Родимица помялась у порога и незаметно вышла в сени.
Тени сгущались все больше и больше. Ветви черёмухи за оконцем разбухали, словно таяли в сумраке. В красном углу как бы вздрагивая от стужи, корёжился хилый язычок догоравшей лампады. К венчику и лику княгини Ольги лепились, устраиваясь на ночлег, сонные мухи. Над ними, покачиваясь на невидимой паутинке, дремал сытый паук.
Софья повернулась на бок и опустила руку на колено дьяка:
– Пошто молчишь?
Шакловитый склонил голову и облизнул верхнюю раздвоенную губу:
– Таково тут, царевна моя, умильно, словно бы пред светлой утренею во храме. Так бы и сидеть до скончания века да тебя хранить от ока дурного.
Чуть разодрались щёлочки царевниных глаз.
– Нешто ты заприметил дурное что?
– Не то, чтоб дурное, – заёрзал дьяк, – одначе же не по мысли мне чтой-то князь Иван Хованский.
– Иван Андреевич? – переспросила Софья.
– Он, Иван Андреевич, царевна моя преславная.

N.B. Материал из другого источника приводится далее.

(* Let $0<\alpha<1$ and suppose the Hilbert matrix operator $\mathcal{H}$ acts as an operator $\mathcal{H}\colon H^\infty_\alpha\to H^\infty_\alpha$. Then $$\|\mathcal{H}\|_{H^\infty_\alpha\to H^\infty_\alpha}\ \ge\ \frac{\pi}{\sin(\pi\alpha)}.$$
   Context: $\mathbb D=\{z\in\mathbb C:|z|<1\}$ and $H(\mathbb D)$ denotes the analytic functions on $\mathbb D$. For $0<\alpha<1$, the Korenblum space is $H^\infty_\alpha=\{f\in H(\mathbb D): \|f\|_{H^\infty_\alpha}=\sup_{z\in\mathbb D}(1-|z|^2)^\alpha|f(z)|<\infty\}$. The Hilbert matrix operator acts on $f(z)=\sum_{k\ge0}a_kz^k$ by $\mathcal{H}(f)(z)=\sum_{n\ge0}\big(\sum_{k\ge0}\frac{a_k}{n+k+1}\big)z^n$; equivalently $\mathcal{H}(f)(z)=\int_0^1 T_t(f)(z)\,dt$, where $T_t(f)(z)=\omega_t(z)f(\phi_t(z))$ with $\omega_t(z)=\frac{1}{(t-1)z+1}$ and $\phi_t(z)=\frac{t}{(t-1)z+1}$, $0<t<1$. *)

theory Defs
  imports "HOL-Analysis.Analysis"
begin

definition korenblum_norm :: "real \<Rightarrow> (complex \<Rightarrow> complex) \<Rightarrow> real" where
  "korenblum_norm \<alpha> f = (SUP z\<in>ball (0::complex) 1. (1 - (cmod z)\<^sup>2) powr \<alpha> * cmod (f z))"

definition korenblum :: "real \<Rightarrow> (complex \<Rightarrow> complex) \<Rightarrow> bool" where
  "korenblum \<alpha> f \<longleftrightarrow> f holomorphic_on ball 0 1 \<and>
     bdd_above ((\<lambda>z. (1 - (cmod z)\<^sup>2) powr \<alpha> * cmod (f z)) ` ball (0::complex) 1)"

text \<open>Weighted composition operators T_t and the Hilbert matrix operator (integral form).\<close>

definition omega_t :: "real \<Rightarrow> complex \<Rightarrow> complex" where
  "omega_t t z = 1 / ((complex_of_real t - 1) * z + 1)"

definition phi_t :: "real \<Rightarrow> complex \<Rightarrow> complex" where
  "phi_t t z = complex_of_real t / ((complex_of_real t - 1) * z + 1)"

definition hilbert_op :: "(complex \<Rightarrow> complex) \<Rightarrow> complex \<Rightarrow> complex" where
  "hilbert_op f z = integral {0..1} (\<lambda>t::real. omega_t t z * f (phi_t t z))"

definition hilbert_opnorm :: "real \<Rightarrow> ereal" where
  "hilbert_opnorm \<alpha> = (SUP f\<in>{f. korenblum \<alpha> f \<and> korenblum_norm \<alpha> f \<noteq> 0}.
       ereal (korenblum_norm \<alpha> (hilbert_op f) / korenblum_norm \<alpha> f))"

end

theory Submission
  imports Defs
begin

(* The extremal function f z = (1 - z) powr (-\<alpha>) of the Korenblum space has norm at most
   2 powr \<alpha>. On the radius 0 < x < 1 the integrand of H f is explicit, and
   (1 - x^2) powr \<alpha> * |H f x| = (1 + x) powr \<alpha> * I x, where I x is the integral over (0,1)
   of beta_kernel \<alpha> x. As x \<rightarrow> 1 the kernel tends, dominated by its value at x = 1, to the
   Beta integrand t powr (\<alpha> - 1) * (1 - t) powr (-\<alpha>), so I x \<rightarrow> Beta \<alpha> (1 - \<alpha>) = pi / sin (pi \<alpha>)
   by the reflection formula. Since (1 + x) powr \<alpha> \<rightarrow> 2 powr \<alpha>, dividing by the norm bound for f
   gives the claim. *)

lemma korenblum_weighted_le_norm:
  assumes "korenblum a f" "z \<in> ball 0 1"
  shows "(1 - (cmod z)\<^sup>2) powr a * cmod (f z) \<le> korenblum_norm a f"
  using assms unfolding korenblum_def korenblum_norm_def by (auto intro: cSUP_upper)

lemma korenblum_norm_nonneg:
  assumes "korenblum a f"
  shows "0 \<le> korenblum_norm a f"
  using korenblum_weighted_le_norm[OF assms, of 0] by simp (meson norm_ge_zero order_trans)

lemma hilbert_opnorm_ge:
  assumes "korenblum a f" "korenblum_norm a f \<noteq> 0"
  shows "ereal (korenblum_norm a (hilbert_op f) / korenblum_norm a f) \<le> hilbert_opnorm a"
  unfolding hilbert_opnorm_def using assms by (auto intro: SUP_upper)

lemma Beta_reflection: "Beta a (1 - a) = pi / sin (pi * a)"
proof -
  have "complex_of_real (Gamma a * Gamma (1 - a)) = Gamma (of_real a) * Gamma (1 - of_real a)"
    using Gamma_complex_of_real[of "1 - a"] by (simp add: Gamma_complex_of_real)
  also have "\<dots> = of_real pi / sin (of_real pi * of_real a)"
    by (rule Gamma_reflection_complex)
  also have "\<dots> = of_real (pi / sin (pi * a))"
    by (simp flip: sin_of_real)
  finally show ?thesis
    unfolding Beta_def of_real_eq_iff by simp
qed

definition korenblum_extremal :: "real \<Rightarrow> complex \<Rightarrow> complex" where
  "korenblum_extremal a z = (1 - z) powr (- complex_of_real a)"

lemma holomorphic_on_korenblum_extremal: "korenblum_extremal a holomorphic_on ball 0 1"
  unfolding korenblum_extremal_def
proof (intro holomorphic_intros)
  fix z :: complex
  assume "z \<in> ball 0 1"
  then have "Re z < 1"
    using complex_Re_le_cmod[of z] by simp
  then show "1 - z \<notin> \<real>\<^sub>\<le>\<^sub>0"
    by (simp add: complex_nonpos_Reals_iff)
qed

lemma korenblum_extremal_weighted_le:
  assumes "0 \<le> a" "z \<in> ball 0 1"
  shows "(1 - (cmod z)\<^sup>2) powr a * cmod (korenblum_extremal a z) \<le> 2 powr a"
proof -
  define r where "r = cmod (1 - z)"
  have z: "cmod z < 1"
    using assms by simp
  have r: "1 - cmod z \<le> r"
    unfolding r_def by (metis norm_one norm_triangle_ineq2)
  have r_pos: "0 < r"
    using r z by linarith
  have "1 - (cmod z)\<^sup>2 = (1 - cmod z) * (1 + cmod z)"
    by (simp add: power2_eq_square algebra_simps)
  also have "\<dots> \<le> (1 - cmod z) * 2"
    using z by (intro mult_left_mono) auto
  also have "\<dots> \<le> 2 * r"
    using r by simp
  finally have weight: "1 - (cmod z)\<^sup>2 \<le> 2 * r" .
  have "(1 - (cmod z)\<^sup>2) powr a * r powr (-a) \<le> (2 * r) powr a * r powr (-a)"
    using weight z assms(1) by (intro mult_right_mono powr_mono2) (auto simp: abs_square_le_1)
  also have "\<dots> = 2 powr a"
    using r_pos by (simp add: powr_mult powr_minus)
  finally show ?thesis
    unfolding korenblum_extremal_def r_def by (simp add: norm_powr_real_powr')
qed

lemma korenblum_korenblum_extremal:
  assumes "0 \<le> a"
  shows "korenblum a (korenblum_extremal a)"
  unfolding korenblum_def using korenblum_extremal_weighted_le[OF assms]
  by (intro conjI holomorphic_on_korenblum_extremal bdd_aboveI2) auto

lemma korenblum_norm_extremal_le:
  assumes "0 \<le> a"
  shows "korenblum_norm a (korenblum_extremal a) \<le> 2 powr a"
  unfolding korenblum_norm_def using korenblum_extremal_weighted_le[OF assms]
  by (auto intro: cSUP_least)

lemma korenblum_norm_extremal_pos:
  assumes "0 \<le> a"
  shows "0 < korenblum_norm a (korenblum_extremal a)"
  using korenblum_weighted_le_norm[OF korenblum_korenblum_extremal[OF assms], of 0]
  by (simp add: korenblum_extremal_def)

definition beta_kernel :: "real \<Rightarrow> real \<Rightarrow> real \<Rightarrow> real" where
  "beta_kernel a x t = (1 - t) powr (-a) * (t + (1 - t) * (1 - x)) powr (a - 1)"

lemma omega_phi_korenblum_extremal:
  assumes "x < 1" "0 < t" "t < 1"
  shows "omega_t t x * korenblum_extremal a (phi_t t x)
    = of_real ((1 - x) powr (-a) * beta_kernel a x t)"
proof -
  define D where "D = t + (1 - t) * (1 - x)"
  have D: "0 < D"
    unfolding D_def using assms by (smt (verit) mult_pos_pos)
  have denom: "(complex_of_real t - 1) * of_real x + 1 = of_real D"
    unfolding D_def by (simp add: algebra_simps)
  have "phi_t t x = of_real (t / D)"
    unfolding phi_t_def denom by simp
  moreover have "1 - t / D = (1 - t) * (1 - x) / D"
    using D unfolding D_def by (simp add: field_simps)
  ultimately have "1 - phi_t t x = of_real ((1 - t) * (1 - x) / D)"
    by (metis of_real_1 of_real_diff)
  then have "korenblum_extremal a (phi_t t x) = of_real (((1 - t) * (1 - x) / D) powr (-a))"
    unfolding korenblum_extremal_def using assms D by (simp flip: powr_of_real)
  also have "((1 - t) * (1 - x) / D) powr (-a) = (1 - x) powr (-a) * (1 - t) powr (-a) * D powr a"
    using assms D by (simp add: powr_divide powr_mult powr_minus_divide)
  finally have extremal:
    "korenblum_extremal a (phi_t t x) = of_real ((1 - x) powr (-a) * (1 - t) powr (-a) * D powr a)" .
  have "omega_t t x = of_real (1 / D)"
    unfolding omega_t_def denom by simp
  with extremal D show ?thesis
    unfolding beta_kernel_def D_def[symmetric] by (simp add: powr_diff field_simps flip: of_real_mult)
qed

lemma beta_kernel_nonneg: "0 \<le> beta_kernel a x t"
  unfolding beta_kernel_def by simp

lemma beta_kernel_le_beta_kernel_1:
  assumes "a \<le> 1" "x \<le> 1" "0 < t" "t \<le> 1"
  shows "beta_kernel a x t \<le> beta_kernel a 1 t"
proof -
  have "(t + (1 - t) * (1 - x)) powr (a - 1) \<le> t powr (a - 1)"
    using assms by (intro powr_mono2') auto
  then show ?thesis
    unfolding beta_kernel_def by (simp add: mult_left_mono)
qed

lemma continuous_on_beta_kernel:
  assumes "x \<le> 1"
  shows "continuous_on {0<..<1} (beta_kernel a x)"
proof -
  have "t + (1 - t) * (1 - x) \<noteq> 0" if "t \<in> {0<..<1}" for t
    using that assms by (smt (verit) greaterThanLessThan_iff mult_nonneg_nonneg)
  then show ?thesis
    unfolding beta_kernel_def by (intro continuous_intros) auto
qed

lemma isCont_beta_kernel_at_1:
  assumes "0 < t"
  shows "isCont (\<lambda>x. beta_kernel a x t) 1"
  unfolding beta_kernel_def using assms by (intro continuous_intros) auto

lemma has_integral_beta_kernel_1:
  assumes "0 < a" "a < 1"
  shows "(beta_kernel a 1 has_integral pi / sin (pi * a)) {0<..<1}"
proof -
  have "((\<lambda>t. t powr (a - 1) * (1 - t) powr (-a)) has_integral pi / sin (pi * a)) {0<..<1}"
    using has_integral_Beta_real[of a "1 - a"] assms
    by (simp add: Beta_reflection has_integral_Icc_iff_Ioo)
  then show ?thesis
    by (rule has_integral_cong[THEN iffD1, rotated]) (simp add: beta_kernel_def mult.commute)
qed

lemma beta_kernel_integrable:
  assumes "0 < a" "a < 1" "x \<le> 1"
  shows "beta_kernel a x integrable_on {0<..<1}"
proof (rule measurable_bounded_by_integrable_imp_integrable_real)
  show "{0<..<1::real} \<in> sets lebesgue"
    by simp
  show "beta_kernel a x \<in> borel_measurable (lebesgue_on {0<..<1})"
    using continuous_on_beta_kernel[OF assms(3)]
    by (rule continuous_imp_measurable_on_sets_lebesgue) simp
  show "beta_kernel a 1 integrable_on {0<..<1}"
    using has_integral_beta_kernel_1[OF assms(1,2)] by blast
  show "\<bar>beta_kernel a x t\<bar> \<le> beta_kernel a 1 t" if "t \<in> {0<..<1}" for t
    using that assms beta_kernel_le_beta_kernel_1 by (simp add: beta_kernel_nonneg)
qed

lemma integral_beta_kernel_tendsto:
  assumes "0 < a" "a < 1"
  shows "((\<lambda>x. integral {0<..<1} (beta_kernel a x)) \<longlongrightarrow> pi / sin (pi * a)) (at_left 1)"
proof (rule tendsto_at_left_sequentially[of 0])
  fix S :: "nat \<Rightarrow> real"
  assume S: "\<And>n. S n < 1" "S \<longlonglongrightarrow> 1"
  have "(\<lambda>n. integral {0<..<1} (beta_kernel a (S n))) \<longlonglongrightarrow> integral {0<..<1} (beta_kernel a 1)"
  proof (rule dominated_convergence)
    show "beta_kernel a (S n) integrable_on {0<..<1}" for n
      using S(1)[of n] assms by (intro beta_kernel_integrable) auto
    show "beta_kernel a 1 integrable_on {0<..<1}"
      using beta_kernel_integrable[OF assms] by simp
    show "norm (beta_kernel a (S n) t) \<le> beta_kernel a 1 t" if "t \<in> {0<..<1}" for n t
      using that assms S(1)[of n] beta_kernel_le_beta_kernel_1 by (simp add: beta_kernel_nonneg)
    show "(\<lambda>n. beta_kernel a (S n) t) \<longlonglongrightarrow> beta_kernel a 1 t" if "t \<in> {0<..<1}" for t
      using that isCont_tendsto_compose[OF isCont_beta_kernel_at_1 S(2)] by simp
  qed
  then show "(\<lambda>n. integral {0<..<1} (beta_kernel a (S n))) \<longlonglongrightarrow> pi / sin (pi * a)"
    using integral_unique[OF has_integral_beta_kernel_1[OF assms]] by simp
qed simp

lemma hilbert_op_korenblum_extremal:
  assumes "0 < a" "a < 1" "x < 1"
  shows "hilbert_op (korenblum_extremal a) x
    = of_real ((1 - x) powr (-a) * integral {0<..<1} (beta_kernel a x))"
proof -
  have "((\<lambda>t. (1 - x) powr (-a) * beta_kernel a x t)
      has_integral (1 - x) powr (-a) * integral {0<..<1} (beta_kernel a x)) {0<..<1}"
    using beta_kernel_integrable[of a x] assms by (intro has_integral_mult_right) auto
  then have "((\<lambda>t. omega_t t x * korenblum_extremal a (phi_t t x))
      has_integral of_real ((1 - x) powr (-a) * integral {0<..<1} (beta_kernel a x))) {0<..<1}"
    by (rule has_integral_cong[THEN iffD1, rotated, OF has_integral_of_real])
      (simp add: omega_phi_korenblum_extremal assms)
  then show ?thesis
    unfolding hilbert_op_def has_integral_Icc_iff_Ioo[symmetric] by (rule integral_unique)
qed

lemma korenblum_norm_hilbert_op_extremal_ge:
  assumes "0 < a" "a < 1" "-1 < x" "x < 1" and H: "korenblum a (hilbert_op (korenblum_extremal a))"
  shows "(1 + x) powr a * integral {0<..<1} (beta_kernel a x)
    \<le> korenblum_norm a (hilbert_op (korenblum_extremal a))"
proof -
  let ?I = "integral {0<..<1} (beta_kernel a x)"
  have "0 \<le> ?I"
    using assms by (intro integral_nonneg beta_kernel_integrable beta_kernel_nonneg) auto
  then have "cmod (hilbert_op (korenblum_extremal a) x) = (1 - x) powr (-a) * ?I"
    using assms by (simp only: hilbert_op_korenblum_extremal norm_of_real) simp
  moreover have "(1 - x\<^sup>2) powr a = (1 + x) powr a * (1 - x) powr a"
    using assms by (simp add: power2_eq_square algebra_simps flip: powr_mult)
  ultimately have "(1 - x\<^sup>2) powr a * cmod (hilbert_op (korenblum_extremal a) x)
      = (1 + x) powr a * ((1 - x) powr a * (1 - x) powr (-a)) * ?I"
    by (simp only: mult.assoc)
  also have "(1 - x) powr a * (1 - x) powr (-a) = 1"
    using assms by (simp flip: powr_add)
  finally have "(1 + x) powr a * ?I = (1 - x\<^sup>2) powr a * cmod (hilbert_op (korenblum_extremal a) x)"
    by simp
  also have "\<dots> \<le> korenblum_norm a (hilbert_op (korenblum_extremal a))"
    using korenblum_weighted_le_norm[OF H, of x] assms by simp
  finally show ?thesis .
qed

theorem mainTheorem1:
  fixes \<alpha> :: real
  assumes "0 < \<alpha>" and "\<alpha> < 1"
    and "\<And>f. korenblum \<alpha> f \<Longrightarrow> korenblum \<alpha> (hilbert_op f)"
  shows "ereal (pi / sin (pi * \<alpha>)) \<le> hilbert_opnorm \<alpha>"
proof -
  let ?f = "korenblum_extremal \<alpha>"
  let ?r = "\<lambda>x. (1 + x) powr \<alpha> * integral {0<..<1} (beta_kernel \<alpha> x) / 2 powr \<alpha>"
  define N where "N = korenblum_norm \<alpha> ?f"
  define M where "M = korenblum_norm \<alpha> (hilbert_op ?f)"
  have f: "korenblum \<alpha> ?f" and Hf: "korenblum \<alpha> (hilbert_op ?f)" and N: "0 < N" "N \<le> 2 powr \<alpha>"
    using assms korenblum_korenblum_extremal korenblum_norm_extremal_pos korenblum_norm_extremal_le
    unfolding N_def by auto
  have "?r x \<le> M / N" if "0 < x" "x < 1" for x
    using korenblum_norm_hilbert_op_extremal_ge[OF assms(1,2) _ _ Hf, of x] korenblum_norm_nonneg[OF Hf]
      N that
    unfolding M_def by (intro frac_le) auto
  moreover have "(?r \<longlongrightarrow> (1 + 1) powr \<alpha> * (pi / sin (pi * \<alpha>)) / 2 powr \<alpha>) (at_left 1)"
    by (intro tendsto_divide tendsto_mult tendsto_powr tendsto_add tendsto_const tendsto_ident_at
        integral_beta_kernel_tendsto assms) auto
  ultimately have "pi / sin (pi * \<alpha>) \<le> M / N"
    by (intro tendsto_upperbound[where F = "at_left 1"])
      (auto intro: eventually_mono[OF eventually_at_left_real[of 0 1]])
  also have "ereal (M / N) \<le> hilbert_opnorm \<alpha>"
    using f N(1) unfolding M_def N_def by (intro hilbert_opnorm_ge) auto
  finally show ?thesis
    by simp
qed

end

Обсосав усы, дьяк неодобрительно вдруг закачал головой:
– И неладно бы сказывать, а и утаить не могу: пораспустились, царевна, стрельцы. Не в меру пораспустились. Почитают ныне себя едиными господарями всея земли. А опричь Хованского и не слушают никого.
Царевна смежила веки.
– А начальника слушают, – нам того и довольно. Хованский, чать, наш, не Нарышкиных.
– Наш ли?
– Наш, а то чей?
Шакловитый погладил кадык и, чтобы блеснуть воспитанностью, сплюнул не на пол, а в руку, растёр плевок между ладонями и причмокнул.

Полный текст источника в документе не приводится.